The Bangalore-based company named veteran banker KV Kamath as its new chairman, and promoted S.D. Shibulal, a co-founder of the group and its chief operating officer, to chief executive. S Gopalakrishnan, the current chief executive, will become executive co-chairman.
This is the first time since Infosys was founded three decades ago that an outsider has been picked to lead the group, which has traditionally chosen top executives from within its own ranks.
The appointment of Mr Kamath, former chief executive of ICICI, India’s largest private sector bank, was welcomed by local opinion makers, however, some analysts warned that the move would raise concerns among investors as the shake-up was supposed to bring new faces into the business.

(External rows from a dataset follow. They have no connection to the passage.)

(* (i) For all $x,x'\in\mathcal S(p)$, $K_p^\ell(x,x')\le K_p^\ell(\min(x,x'),\min(x,x'))$. (ii) If $x\mapsto \mathbb E[\chi^\ell(X,x)]/p(x)$ is non-decreasing on $\mathcal S(p)$, then for each fixed $x'\in\mathcal S(p)$ the function $x\mapsto K_p^\ell(x,x')/p(x)$ is non-decreasing on $\{x\in\mathcal S(p): x<x'\}$. (iii) If $x\mapsto \mathbb E[\chi^{-\ell}(x,X)]/p(x)$ is non-increasing on $\mathcal S(p)$, then for each fixed $x'\in\mathcal S(p)$ the function $x\mapsto K_p^\ell(x,x')/p(x)$ is non-increasing on $\{x\in\mathcal S(p): x>x'\}$.
   Context: Let $\mu$ be either the counting measure on $\mathcal X=\mathbb Z$ or Lebesgue measure on $\mathcal X=\mathbb R$. Let $X$ be a random variable with density $p$ with respect to $\mu$ and support $\mathcal S(p)=\{x: p(x)>0\}$. Standing assumption: in the counting case $\mathcal S(p)=[a,b]\cap\mathbb Z$ for some $a<b\in\mathbb Z\cup\{\pm\infty\}$; in the Lebesgue case $\mathcal S(p)$ has interior $(a,b)$ and closure $[a,b]$ for some $a<b\in\mathbb R\cup\{\pm\infty\}$; $p$ is not a point mass. Fix $\ell\in\{-1,0,1\}$; $\ell=0$ is used with Lebesgue measure, $\ell=\pm1$ with counting measure. Set $a_\ell=\mathbb I[\ell=1]$, $\chi^{\ell}(x,y)=\mathbb I[x\le y-a_\ell]$ (so $\chi^{-\ell}$ is obtained by replacing $\ell$ with $-\ell$), and $K_p^{\ell}(x,x')=\mathbb E[\chi^\ell(X,x)\chi^\ell(X,x')]-\mathbb E[\chi^\ell(X,x)]\mathbb E[\chi^\ell(X,x')]$ for $x,x'\in\mathcal S(p)$. *)

theory Defs
  imports "HOL-Analysis.Analysis"
begin

text \<open>Generic setting: ambient type 'a (int for the counting case, real for the
Lebesgue case), reference measure mu, density p, index l in {-1,0,1}.\<close>

definition a_idx :: "int \<Rightarrow> 'a::linordered_idom" where
  "a_idx l = (if l = 1 then 1 else 0)"

definition chi :: "int \<Rightarrow> 'a::linordered_idom \<Rightarrow> 'a \<Rightarrow> real" where
  "chi l x y = (if x \<le> y - a_idx l then 1 else 0)"

definition expect :: "'a measure \<Rightarrow> ('a \<Rightarrow> real) \<Rightarrow> ('a \<Rightarrow> real) \<Rightarrow> real" where
  "expect mu p f = integral\<^sup>L (density mu (\<lambda>y. ennreal (p y))) f"

definition supp :: "('a \<Rightarrow> real) \<Rightarrow> 'a set" where
  "supp p = {x. p x > 0}"

definition Kp :: "'a measure \<Rightarrow> ('a \<Rightarrow> real) \<Rightarrow> int \<Rightarrow> 'a::linordered_idom \<Rightarrow> 'a \<Rightarrow> real" where
  "Kp mu p l x x' =
     expect mu p (\<lambda>y. chi l y x * chi l y x')
     - expect mu p (\<lambda>y. chi l y x) * expect mu p (\<lambda>y. chi l y x')"

definition is_density :: "'a measure \<Rightarrow> ('a \<Rightarrow> real) \<Rightarrow> bool" where
  "is_density mu p \<longleftrightarrow> p \<in> borel_measurable mu \<and> (\<forall>x. 0 \<le> p x)
      \<and> (\<integral>\<^sup>+ x. ennreal (p x) \<partial>mu) = 1"

definition kernel_claims :: "('a::linordered_idom) measure \<Rightarrow> ('a \<Rightarrow> real) \<Rightarrow> int \<Rightarrow> bool" where
  "kernel_claims mu p (l::int) \<longleftrightarrow>
    (\<forall>x\<in>supp p. \<forall>x'\<in>supp p.
        Kp mu p l x x' \<le> Kp mu p l (min x x') (min x x'))
  \<and> (monotone_on (supp p) (\<le>) (\<le>) (\<lambda>x. expect mu p (\<lambda>y. chi l y x) / p x)
      \<longrightarrow> (\<forall>x'\<in>supp p. monotone_on {x\<in>supp p. x < x'} (\<le>) (\<le>) (\<lambda>x. Kp mu p l x x' / p x)))
  \<and> (monotone_on (supp p) (\<le>) (\<ge>) (\<lambda>x. expect mu p (\<lambda>y. chi (-l) x y) / p x)
      \<longrightarrow> (\<forall>x'\<in>supp p. monotone_on {x\<in>supp p. x' < x} (\<le>) (\<ge>) (\<lambda>x. Kp mu p l x x' / p x)))"

end

theory Submission
  imports Defs "HOL-Probability.Probability_Measure"
begin

text \<open>Since \<open>chi l y x * chi l y x' = chi l y (min x x')\<close>, the kernel is
  \<open>K(x,x') = F(min x x') - F(x)F(x')\<close> for the non-decreasing, \<open>[0,1]\<close>-valued function
  \<open>F(x) = E[chi l X x]\<close>; for \<open>x \<le> x'\<close> this is \<open>F(x)(1 - F(x'))\<close>, and
  \<open>E[chi (-l) x X] = 1 - F(x)\<close> because the two indicators are complementary almost surely.
  All three claims are then elementary facts about such products.\<close>

definition cov_kernel :: "('a::linorder \<Rightarrow> real) \<Rightarrow> 'a \<Rightarrow> 'a \<Rightarrow> real" where
  "cov_kernel F x x' = F (min x x') - F x * F x'"

lemma cov_kernel_le:
  assumes "x \<le> x'"
  shows "cov_kernel F x x' = F x * (1 - F x')"
  using assms by (simp add: cov_kernel_def min_def algebra_simps)

lemma cov_kernel_ge:
  assumes "x' \<le> x"
  shows "cov_kernel F x x' = F x' * (1 - F x)"
  using assms by (simp add: cov_kernel_def min_def algebra_simps)

lemma cov_kernel_le_diag_min:
  assumes "mono F" and "\<And>x. 0 \<le> F x"
  shows "cov_kernel F x x' \<le> cov_kernel F (min x x') (min x x')"
proof (cases "x \<le> x'")
  case True
  then show ?thesis
    using assms monoD[OF assms(1) True]
    by (simp add: cov_kernel_le min_def mult_left_mono)
next
  case False
  then have "x' \<le> x" by simp
  then show ?thesis
    using False assms monoD[OF assms(1) \<open>x' \<le> x\<close>]
    by (simp add: cov_kernel_ge cov_kernel_le min_def mult_left_mono)
qed

lemma cov_kernel_div_mono_below:
  assumes mono: "monotone_on S (\<le>) (\<le>) (\<lambda>x. F x / p x)" and "F x' \<le> 1"
  shows "monotone_on {x\<in>S. x < x'} (\<le>) (\<le>) (\<lambda>x. cov_kernel F x x' / p x)"
proof (rule monotone_onI)
  fix x y assume xy: "x \<in> {x\<in>S. x < x'}" "y \<in> {x\<in>S. x < x'}" "x \<le> y"
  then have "F x / p x * (1 - F x') \<le> F y / p y * (1 - F x')"
    using \<open>F x' \<le> 1\<close> by (intro mult_right_mono monotone_onD[OF mono]) auto
  then show "cov_kernel F x x' / p x \<le> cov_kernel F y x' / p y"
    using xy by (simp add: cov_kernel_le less_imp_le)
qed

lemma cov_kernel_div_antimono_above:
  assumes antimono: "monotone_on S (\<le>) (\<ge>) (\<lambda>x. (1 - F x) / p x)" and "0 \<le> F x'"
  shows "monotone_on {x\<in>S. x' < x} (\<le>) (\<ge>) (\<lambda>x. cov_kernel F x x' / p x)"
proof (rule monotone_onI)
  fix x y assume xy: "x \<in> {x\<in>S. x' < x}" "y \<in> {x\<in>S. x' < x}" "x \<le> y"
  then have "F x' * ((1 - F y) / p y) \<le> F x' * ((1 - F x) / p x)"
    using \<open>0 \<le> F x'\<close> by (intro mult_left_mono monotone_onD[OF antimono]) auto
  then show "cov_kernel F y x' / p y \<le> cov_kernel F x x' / p x"
    using xy by (simp add: cov_kernel_ge less_imp_le)
qed

lemma chi_mult_chi: "chi l y x * chi l y x' = chi l y (min x x')"
  by (auto simp: chi_def min_def)

lemma Kp_eq_cov_kernel: "Kp mu p l x x' = cov_kernel (\<lambda>x. expect mu p (\<lambda>y. chi l y x)) x x'"
  by (simp add: Kp_def cov_kernel_def chi_mult_chi)

lemma kernel_claims_if_complement_AE:
  fixes mu :: "'a::linordered_idom measure" and p :: "'a \<Rightarrow> real"
  defines "N \<equiv> density mu (\<lambda>y. ennreal (p y))"
  assumes "prob_space N"
    and meas: "\<And>x. (\<lambda>y. chi l y x) \<in> borel_measurable mu"
    and meas_compl: "\<And>x. (\<lambda>y. chi (-l) x y) \<in> borel_measurable mu"
    and compl_AE: "\<And>x. AE y in N. chi (-l) x y = 1 - chi l y x"
  shows "kernel_claims mu p l"
proof -
  interpret prob_space N by fact
  define F where "F x = expect mu p (\<lambda>y. chi l y x)" for x
  have F_eq: "F x = integral\<^sup>L N (\<lambda>y. chi l y x)" for x
    by (simp add: F_def expect_def N_def)
  have int: "integrable N (\<lambda>y. chi l y x)" for x
    by (rule integrable_const_bound[where B=1]) (use meas in \<open>auto simp: chi_def N_def\<close>)
  have "mono F"
    by (rule monoI, unfold F_eq, rule integral_mono) (use int in \<open>auto simp: chi_def\<close>)
  have F_nonneg: "0 \<le> F x" for x
    unfolding F_eq by (rule integral_nonneg_AE) (simp add: chi_def)
  have F_le_1: "F x \<le> 1" for x
  proof -
    have "F x \<le> integral\<^sup>L N (\<lambda>y. 1)"
      unfolding F_eq by (rule integral_mono) (use int in \<open>auto simp: chi_def\<close>)
    then show ?thesis by (simp add: prob_space)
  qed
  have compl: "expect mu p (\<lambda>y. chi (-l) x y) = 1 - F x" for x
  proof -
    have "expect mu p (\<lambda>y. chi (-l) x y) = integral\<^sup>L N (\<lambda>y. 1 - chi l y x)"
      unfolding expect_def N_def[symmetric]
      by (rule integral_cong_AE) (use meas meas_compl compl_AE in \<open>auto simp: N_def\<close>)
    also have "\<dots> = 1 - F x"
      using int[of x] by (simp add: F_eq prob_space)
    finally show ?thesis .
  qed
  show ?thesis
    unfolding kernel_claims_def Kp_eq_cov_kernel F_def[symmetric] compl
    using cov_kernel_le_diag_min[OF \<open>mono F\<close> F_nonneg]
      cov_kernel_div_mono_below[where F = F, OF _ F_le_1]
      cov_kernel_div_antimono_above[where F = F, OF _ F_nonneg]
    by blast
qed

lemma prob_space_density_is_density:
  assumes "is_density mu p"
  shows "prob_space (density mu (\<lambda>y. ennreal (p y)))"
  by (rule prob_spaceI) (use assms in \<open>simp add: is_density_def emeasure_density\<close>)

lemma kernel_claims_count_space:
  fixes p :: "int \<Rightarrow> real"
  assumes "is_density (count_space UNIV) p" and "l \<in> {-1, 1}"
  shows "kernel_claims (count_space UNIV) p l"
proof (rule kernel_claims_if_complement_AE)
  show "prob_space (density (count_space UNIV) (\<lambda>y. ennreal (p y)))"
    using assms(1) by (rule prob_space_density_is_density)
  show "AE y in density (count_space UNIV) (\<lambda>y. ennreal (p y)). chi (-l) x y = 1 - chi l y x"
    for x
    using assms(2) by (auto simp: chi_def a_idx_def)
qed auto

lemma kernel_claims_lborel:
  fixes p :: "real \<Rightarrow> real"
  assumes "is_density lborel p"
  shows "kernel_claims lborel p 0"
proof (rule kernel_claims_if_complement_AE)
  have p_meas: "(\<lambda>y. ennreal (p y)) \<in> borel_measurable lborel"
    using assms by (simp add: is_density_def)
  have chi_0: "chi 0 y x = indicator {..x} y" for x y :: real
    by (simp add: chi_def a_idx_def indicator_def)
  show "prob_space (density lborel (\<lambda>y. ennreal (p y)))"
    using assms by (rule prob_space_density_is_density)
  \<comment> \<open>the complement relation fails only on the null set \<open>{x}\<close>\<close>
  show "AE y in density lborel (\<lambda>y. ennreal (p y)). chi (-0) x y = 1 - chi 0 y x" for x
    unfolding AE_density[OF p_meas]
    using AE_lborel_singleton[of x] by eventually_elim (auto simp: chi_def a_idx_def)
  show "(\<lambda>y. chi 0 y x) \<in> borel_measurable lborel" for x :: real
    by (simp add: chi_0)
  show "(\<lambda>y. chi (-0) x y) \<in> borel_measurable lborel" for x :: real
    by (simp add: chi_def a_idx_def)
qed

theorem mainTheorem8:
  shows "(\<forall>(p::int \<Rightarrow> real) (l::int).
            is_density (count_space UNIV) p \<and> l \<in> {-1, 1} \<and>
            (\<exists>a b::ereal. a < b
               \<and> (a = -\<infinity> \<or> (\<exists>k::int. a = ereal (real_of_int k)))
               \<and> (b = \<infinity> \<or> (\<exists>k::int. b = ereal (real_of_int k)))
               \<and> supp p = {x. a \<le> ereal (real_of_int x) \<and> ereal (real_of_int x) \<le> b})
          \<longrightarrow> kernel_claims (count_space UNIV) p l)
       \<and> (\<forall>p::real \<Rightarrow> real.
            is_density lborel p \<and>
            (\<exists>a b::ereal. a < b
               \<and> interior (supp p) = {x. a < ereal x \<and> ereal x < b}
               \<and> closure (supp p) = {x. a \<le> ereal x \<and> ereal x \<le> b})
          \<longrightarrow> kernel_claims lborel p 0)"
  using kernel_claims_count_space kernel_claims_lborel by blast

end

“Kamath is a positive choice in terms of governance and wisdom but it will not radicalise the business strategy,” said Pradeet Udhas, a founding partner at KPMG India. “The day-to-day business will remain in the hands of Shibulal and Gopalakrishnan.”

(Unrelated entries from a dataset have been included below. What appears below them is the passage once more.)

lemma integral_rho_weighted_s_fun:
  fixes v w :: "real \<Rightarrow> real"
  assumes N: "3 \<le> N" and ab: "0 < a" "a \<le> b"
    and cont_v: "continuous_on {s_fun N a..s_fun N b} v"
    and zero: "\<And>y. y \<notin> {s_fun N a..s_fun N b} \<Longrightarrow> v y = 0"
    and cont_w: "continuous_on {a..b} w" and w: "\<And>r. r \<in> {a..b} \<Longrightarrow> 0 < w r"
  shows "integral {0<..} (\<lambda>s. rho N s / w (r_fun N s) * (v s)^2 * s^(N - 1))
      = integral {a..b} (\<lambda>r. v (s_fun N r)^2 * sinh r^(N - 1) / w r)"
proof -
  have s_pos: "0 < y" if "y \<in> {s_fun N a..s_fun N b}" for y
    using that s_fun_pos[OF N ab(1)] by auto
  note r_fun = r_fun_on_s_fun_interval[OF N ab]
  have "integral {0<..} (\<lambda>s. rho N s / w (r_fun N s) * (v s)^2 * s^(N - 1))
      = integral {a..b} (\<lambda>r. (s_fun N r / sinh r)^(N - 1) * (rho N (s_fun N r)
          / w (r_fun N (s_fun N r)) * v (s_fun N r)^2 * s_fun N r^(N - 1)))"
  proof (rule integral_s_fun_substitution[OF N ab])
    have "continuous_on {s_fun N a..s_fun N b} (\<lambda>y. w (r_fun N y))"
      using r_fun(2) by (intro continuous_on_compose2[OF cont_w r_fun(1)]) auto
    then show "continuous_on {s_fun N a..s_fun N b}
        (\<lambda>s. rho N s / w (r_fun N s) * (v s)^2 * s^(N - 1))"
      unfolding rho_def using s_pos w r_fun(2)
      by (intro continuous_intros cont_v r_fun(1)) (auto simp: less_imp_neq[symmetric])
  qed (use zero in simp)
  also have "\<dots> = integral {a..b} (\<lambda>r. v (s_fun N r)^2 * sinh r^(N - 1) / w r)"
  proof (intro integral_cong)
    fix r assume r: "r \<in> {a..b}"
    then have "0 < r" "0 < s_fun N r" "0 < sinh r"
      using ab s_fun_pos[OF N] by auto
    then show "(s_fun N r / sinh r)^(N - 1) * (rho N (s_fun N r) / w (r_fun N (s_fun N r))
        * v (s_fun N r)^2 * s_fun N r^(N - 1)) = v (s_fun N r)^2 * sinh r^(N - 1) / w r"
      unfolding rho_def r_fun_s_fun[OF N \<open>0 < r\<close>]
      by (simp add: power_mult power_divide field_simps power2_eq_square)
  qed
  finally show ?thesis .
qed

The changes will be effective from August when NR Narayana Murthy, the leading founder of Infosys and current chairman, retires.
“As we look ahead, we will ensure that this leadership transition is smooth as all other transitions have been in the past,” Mr Shibulal said. “We are also making other organisational changes to strengthen our market position and ability to serve our clients better.”
Infosys, which is known for being the bellwether of India’s flagship $60bn outsourcing industry, has been steadily losing market share to both larger rival Tata Consultancy Services and Cognizant, a rising star in the sector.
Shares in Infosys plunged nearly 10 per cent last month on the day it reported disappointing annual results a downbeat outlook for the next year. The group expects its revenues to grow by between 15-17 per cent, much lower than the 20 per cent analysts had been expecting.
The biggest concern for the group is the slow and uncertain recovery in the US and European economies, according to Ashok Vemuri, the group’s New York-based global head of banking and capital markets services.
“Europe and North America are concerning,” Mr Vemuri told the Financial Times. “As long as there is uncertainty in the US ahead of the [2012 presidential] elections and the European economy there will always be a cloud over our outlook.”